One thing, however, troubled his joy on this auspicious event. Henry had probably studied the so-called science of astrology at Oxford, for it was part of the mass of rubbish regarded as real knowledge at that time. On leaving England, therefore, he strictly enjoined Catherine not to lie in at Windsor, for he had ascertained that the planets cast forward a lowering shadow upon Windsor, in the week when she might expect her confinement. From waywardness, or some other cause, Catherine specially chose as the place of her accouchement the forbidden spot—a conduct which she lived bitterly to rue. On the news being brought to Henry at Meaux, he eagerly demanded where the boy was born, and on being told it was at Windsor, he appeared greatly struck and chagrined, and repeated to his chamberlain, Lord Fitzhugh, the following lines:—
"I, Henry, born at Monmouth,
Shall small time reign and much get;
But Henry of Windsor shall long reign, and lose all.

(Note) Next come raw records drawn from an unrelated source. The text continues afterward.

lemma dual_cone_inner_pos:
  assumes "open C" and "z \<in> dual_cone C" and "z \<noteq> 0" and "x \<in> C"
  shows "0 < z \<bullet> x"
proof (rule ccontr)
  assume "\<not> 0 < z \<bullet> x"
  obtain e where "e > 0" and "ball x e \<subseteq> C"
    using assms by (meson open_contains_ball)
  define y where "y = x - (e / (2 * norm z)) *\<^sub>R z"
  have "y \<in> C"
    using \<open>e > 0\<close> \<open>ball x e \<subseteq> C\<close> \<open>z \<noteq> 0\<close> by (auto simp: y_def dist_norm)
  then have "0 \<le> z \<bullet> y"
    using assms(2) unfolding dual_cone_def by auto
  moreover have "z \<bullet> y = z \<bullet> x - (e / (2 * norm z)) * (z \<bullet> z)"
    by (simp add: y_def inner_diff_right)
  moreover have "(e / (2 * norm z)) * (z \<bullet> z) > 0"
    using \<open>e > 0\<close> \<open>z \<noteq> 0\<close> by simp
  ultimately show False
    using \<open>\<not> 0 < z \<bullet> x\<close> by linarith
qed

lemma dual_cone_ne_singleton_zero:
  assumes "convex T" and "0 \<notin> T"
  shows "dual_cone T \<noteq> {0}"
  using separating_hyperplane_set_0[OF assms] unfolding dual_cone_def by auto

lemma closure_open_cone_eq_bidual:
  assumes "open_cone C"
  shows "closure C = {a. \<forall>z\<in>dual_cone C. 0 \<le> a \<bullet> z}"
proof
  show "closure C \<subseteq> {a. \<forall>z\<in>dual_cone C. 0 \<le> a \<bullet> z}"
    using dual_cone_nonneg_on_closure by (fastforce simp: inner_commute)
  show "{a. \<forall>z\<in>dual_cone C. 0 \<le> a \<bullet> z} \<subseteq> closure C"
  proof
    fix a
    assume a: "a \<in> {a. \<forall>z\<in>dual_cone C. 0 \<le> a \<bullet> z}"
    show "a \<in> closure C"
    proof (rule ccontr)
      assume "a \<notin> closure C"
      moreover have "convex (closure C)"
        using assms by (simp add: open_cone_def convex_closure)
      ultimately obtain w b where "w \<bullet> a < b" and wb: "\<forall>x\<in>closure C. b < w \<bullet> x"
        using separating_hyperplane_closed_point[of "closure C" a] by auto
      have "w \<in> dual_cone C" and "b \<le> 0"
        using open_cone_lower_bound_imp_dual[OF assms, of b w] wb closure_subset
        by (fastforce intro: less_imp_le)+
      with a \<open>w \<bullet> a < b\<close> show False
        by (force simp: inner_commute)
    qed
  qed
qed

lemma open_cone_dual_cone_inj:
  assumes "open_cone C" and "open_cone T" and "dual_cone T = dual_cone C"
  shows "T = C"
proof -
  have "C = interior (closure C)" if "open_cone C" for C :: "'a set"
    using that by (simp add: open_cone_def convex_interior_closure interior_open)
  then show ?thesis
    using assms by (metis closure_open_cone_eq_bidual)
qed

lemma open_cone_positive_multiples:
  assumes "S \<noteq> {}" and "open S" and "convex S" and "0 \<notin> S"
  shows "open_cone {c *\<^sub>R y | c y. c > 0 \<and> y \<in> S}" (is "open_cone ?K")
proof -
  have "?K = (\<Union>c\<in>{0<..}. (\<lambda>y. c *\<^sub>R y) ` S)"
    by auto
  then have "open ?K"
    using \<open>open S\<close> by (auto intro!: open_UN open_scaling)
  moreover have "convex ?K"
    unfolding convex_def
  proof (intro allI impI ballI)
    fix u v and p q :: real
    assume "u \<in> ?K" "v \<in> ?K" and pq: "0 \<le> p" "0 \<le> q" "p + q = 1"
    then obtain c1 y1 c2 y2 where 1: "c1 > 0" "y1 \<in> S" "u = c1 *\<^sub>R y1"
      and 2: "c2 > 0" "y2 \<in> S" "v = c2 *\<^sub>R y2"
      by auto
    define s where "s = p * c1 + q * c2"
    have "s > 0"
      using pq 1 2 unfolding s_def by (smt (verit) mult_pos_pos mult_nonneg_nonneg)
    have "(p * c1 / s) *\<^sub>R y1 + (q * c2 / s) *\<^sub>R y2 \<in> S"
      using 1 2 pq \<open>s > 0\<close>
      by (intro convexD[OF \<open>convex S\<close>]) (auto simp: s_def add_divide_distrib[symmetric])
    moreover have "p *\<^sub>R u + q *\<^sub>R v = s *\<^sub>R ((p * c1 / s) *\<^sub>R y1 + (q * c2 / s) *\<^sub>R y2)"
      using \<open>s > 0\<close> 1 2 by (simp add: scaleR_add_right)
    ultimately show "p *\<^sub>R u + q *\<^sub>R v \<in> ?K"
      using \<open>s > 0\<close> by blast
  qed
  moreover have "\<forall>c>0. \<forall>v\<in>?K. c *\<^sub>R v \<in> ?K"
    by clarsimp (metis mult_pos_pos scaleR_scaleR)
  moreover obtain y where "y \<in> S"
    using assms(1) by blast
  then have "y \<in> ?K"
    by (metis (mono_tags, lifting) mem_Collect_eq scaleR_one zero_less_one)
  moreover have "0 \<notin> ?K"
    using assms(4) by auto
  ultimately show ?thesis
    unfolding open_cone_def by auto
qed

lemma open_cone_tangent_cone:
  assumes "open_cone C" and "x \<notin> C"
  shows "open_cone (tangent_cone C x)"
proof -
  have "tangent_cone C x = {c *\<^sub>R y | c y. c > 0 \<and> y \<in> (\<lambda>y. y - x) ` C}"
    unfolding tangent_cone_def by auto
  moreover have "(\<lambda>y. y - x) ` C \<noteq> {}" and "open ((\<lambda>y. y - x) ` C)"
    and "convex ((\<lambda>y. y - x) ` C)" and "0 \<notin> (\<lambda>y. y - x) ` C"
    using assms unfolding open_cone_def
    by (auto intro: open_translation_subtract convex_translation_subtract)
  ultimately show ?thesis
    using open_cone_positive_multiples by (simp only:)
qed

lemma dual_cone_tangent_cone:
  assumes "open_cone C" and "x \<in> closure C"
  shows "dual_cone (tangent_cone C x) = dual_cone C \<inter> {z. x \<bullet> z = 0}"
proof
  show "dual_cone C \<inter> {z. x \<bullet> z = 0} \<subseteq> dual_cone (tangent_cone C x)"
    unfolding dual_cone_def tangent_cone_def by (auto simp: inner_diff_right inner_commute)
  show "dual_cone (tangent_cone C x) \<subseteq> dual_cone C \<inter> {z. x \<bullet> z = 0}"
  proof
    fix z
    assume z: "z \<in> dual_cone (tangent_cone C x)"
    have "z \<bullet> x \<le> z \<bullet> y" if "y \<in> C" for y
    proof -
      have "y - x \<in> tangent_cone C x"
        using that unfolding tangent_cone_def by (auto intro!: exI[of _ 1])
      with z show ?thesis
        unfolding dual_cone_def by (auto simp: inner_diff_right)
    qed
    then have "z \<in> dual_cone C" and "z \<bullet> x \<le> 0"
      using open_cone_lower_bound_imp_dual[OF assms(1)] by blast+
    moreover have "0 \<le> z \<bullet> x"
      using dual_cone_nonneg_on_closure[OF \<open>z \<in> dual_cone C\<close> assms(2)] .
    ultimately show "z \<in> dual_cone C \<inter> {z. x \<bullet> z = 0}"
      by (simp add: inner_commute)
  qed
qed

lemma dual_cone_tangent_cone_face_of:
  assumes "open_cone C" and "x \<in> closure C"
  shows "dual_cone (tangent_cone C x) face_of dual_cone C"
  unfolding dual_cone_tangent_cone[OF assms]
  using dual_cone_nonneg_on_closure[OF _ assms(2)]
  by (intro face_of_Int_supporting_hyperplane_ge convex_dual_cone) (simp add: inner_commute)

lemma open_cone_in_Gamma:
  assumes "open_cone C"
  shows "C \<in> Gamma {C}"
proof -
  have scale: "\<And>c y. c > 0 \<Longrightarrow> y \<in> C \<Longrightarrow> c *\<^sub>R y \<in> C"
    using assms unfolding open_cone_def by auto
  obtain y where "y \<in> C"
    using assms unfolding open_cone_def by auto
  have "(\<lambda>n. (1 / real (Suc n)) *\<^sub>R y) \<longlonglongrightarrow> 0"
    using tendsto_scaleR[OF LIMSEQ_Suc[OF lim_const_over_n] tendsto_const, of 1 y] by simp
  then have "0 \<in> closure C"
    using scale \<open>y \<in> C\<close> unfolding closure_sequential
    by (auto intro!: exI[of _ "\<lambda>n. (1 / real (Suc n)) *\<^sub>R y"])
  then have "0 \<in> frontier C"
    using assms by (simp add: open_cone_def)
  moreover have "tangent_cone C 0 = C"
    unfolding tangent_cone_def using scale by (auto intro!: exI[of _ 1])
  ultimately show ?thesis
    unfolding Gamma_def by force
qed

lemma funpow_Gamma_mono: "A \<subseteq> B \<Longrightarrow> (Gamma ^^ k) A \<subseteq> (Gamma ^^ k) B"
proof (induction k)
  case (Suc k)
  then show ?case
    unfolding Gamma_def by auto
qed simp

lemma tangent_cones_iter_trans:
  assumes "C' \<in> Gamma {C}" and "T \<in> tangent_cones_iter C'"
  shows "T \<in> tangent_cones_iter C"
proof -
  obtain k where "k \<ge> 1" and "T \<in> (Gamma ^^ k) {C'}"
    using assms(2) unfolding tangent_cones_iter_def by auto
  moreover have "(Gamma ^^ k) {C'} \<subseteq> (Gamma ^^ Suc k) {C}"
    using funpow_Gamma_mono[of "{C'}" "Gamma {C}" k] assms(1)
    by (simp add: funpow_Suc_right del: funpow.simps)
  ultimately show ?thesis
    unfolding tangent_cones_iter_def by (auto intro!: bexI[of _ "Suc k"])
qed

lemma funpow_Gamma_open_cone_dual_face_of:
  assumes "open_cone C" and "T \<in> (Gamma ^^ k) {C}"
  shows "open_cone T \<and> dual_cone T face_of dual_cone C"
  using assms(2)
proof (induction k arbitrary: T)
  case 0
  then show ?case
    using assms(1) by (simp add: face_of_refl convex_dual_cone)
next
  case (Suc k)
  then have "T \<in> Gamma ((Gamma ^^ k) {C})"
    by simp
  then obtain S x where S: "S \<in> (Gamma ^^ k) {C}" and "x \<in> frontier S" and T: "T = tangent_cone S x"
    unfolding Gamma_def by blast
  then have "open_cone S" and "dual_cone S face_of dual_cone C" and "x \<in> closure S" "x \<notin> S"
    using Suc.IH by (auto simp: open_cone_def)
  then show ?case
    using T open_cone_tangent_cone dual_cone_tangent_cone_face_of face_of_trans by blast
qed

lemma proper_face_of_subset_exposed_face:
  fixes K F :: "'a::euclidean_space set"
  assumes "convex K" and "F face_of K" and "F \<noteq> {}" and "F \<noteq> K"
  obtains a b where "F \<subseteq> {y. a \<bullet> y = b}" and "\<And>y. y \<in> K \<Longrightarrow> b \<le> a \<bullet> y"
    and "K \<inter> {y. a \<bullet> y = b} \<noteq> K"
proof -
  obtain z where z: "z \<in> rel_interior F"
    using assms face_of_imp_convex rel_interior_eq_empty by blast
  then have "z \<in> K" and "z \<notin> rel_interior K"
    using assms face_of_imp_subset face_of_disjoint_rel_interior rel_interior_subset by blast+
  then obtain a where a: "\<And>y. y \<in> K \<Longrightarrow> a \<bullet> z \<le> a \<bullet> y"
    and strict: "\<And>y. y \<in> rel_interior K \<Longrightarrow> a \<bullet> z < a \<bullet> y"
    using supporting_hyperplane_rel_boundary[OF assms(1)] by blast
  have "K \<inter> {y. a \<bullet> y = a \<bullet> z} face_of K"
    using face_of_Int_supporting_hyperplane_ge[OF assms(1)] a by blast
  then have "F \<subseteq> {y. a \<bullet> y = a \<bullet> z}"
    using subset_of_face_of[of _ K F] assms(2) face_of_imp_subset z rel_interior_subset by blast
  moreover obtain y where "y \<in> rel_interior K"
    using assms(1) \<open>z \<in> K\<close> rel_interior_eq_empty by blast
  then have "y \<in> K" and "a \<bullet> y \<noteq> a \<bullet> z"
    using strict rel_interior_subset by (blast, fastforce)
  then have "K \<inter> {y. a \<bullet> y = a \<bullet> z} \<noteq> K"
    by blast
  ultimately show ?thesis
    using a by (intro that[of a "a \<bullet> z"]) auto
qed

But as God wills, so be it."
It is probable that these were sentiments which the king expressed, and that they owe their sibylline form to some chronicler or astrologer of the time. It is certain that Speed, Stowe, Fabyan and Holinshed concur in saying that the king "prophesied the calamities of Henry VI." The boy was born on the 6th of December, 1421. On hearing of the fall of Meaux, Catherine left her infant to the care of its uncle, the Duke of Gloucester, and hastened to join Henry in France. She was escorted by the Duke of Bedford and 20,000 fresh troops, to enable Henry to complete the conquest of her brother and his unhappy country. She landed at Harfleur on the 21st of May, where she was received with great state and rejoicing by numbers of noblemen and gentlemen, who accompanied her on her route to Paris by Rouen to the Bois de Vincennes, where her father's court resided. Henry set out for Meaux to meet her there, and thence the two courts proceeded together to Paris to spend the festival of Whitsuntide.
But in the midst of these gay though unsatisfactory rejoicings there came a pressing message from the Duke of Burgundy to Henry, entreating him to hasten to his assistance against the Dauphin. Those sturdy Scots who had made such havoc amongst Henry's troops at Beaugé, were still in the country; and the Dauphin, collecting 20,000 men in the south, had put them under the command of the Earl of Buchan, the leader of those troops. They had crossed the Loire, taken La Charité, and proceeded to invest Cosne. At Cosne the Dauphin joined Buchan; and the Duke of Burgundy, to whom these towns belonged, seeing that his hereditary duchy of Burgundy would next be menaced, was most urgent in his appeal to Henry to fly to his assistance.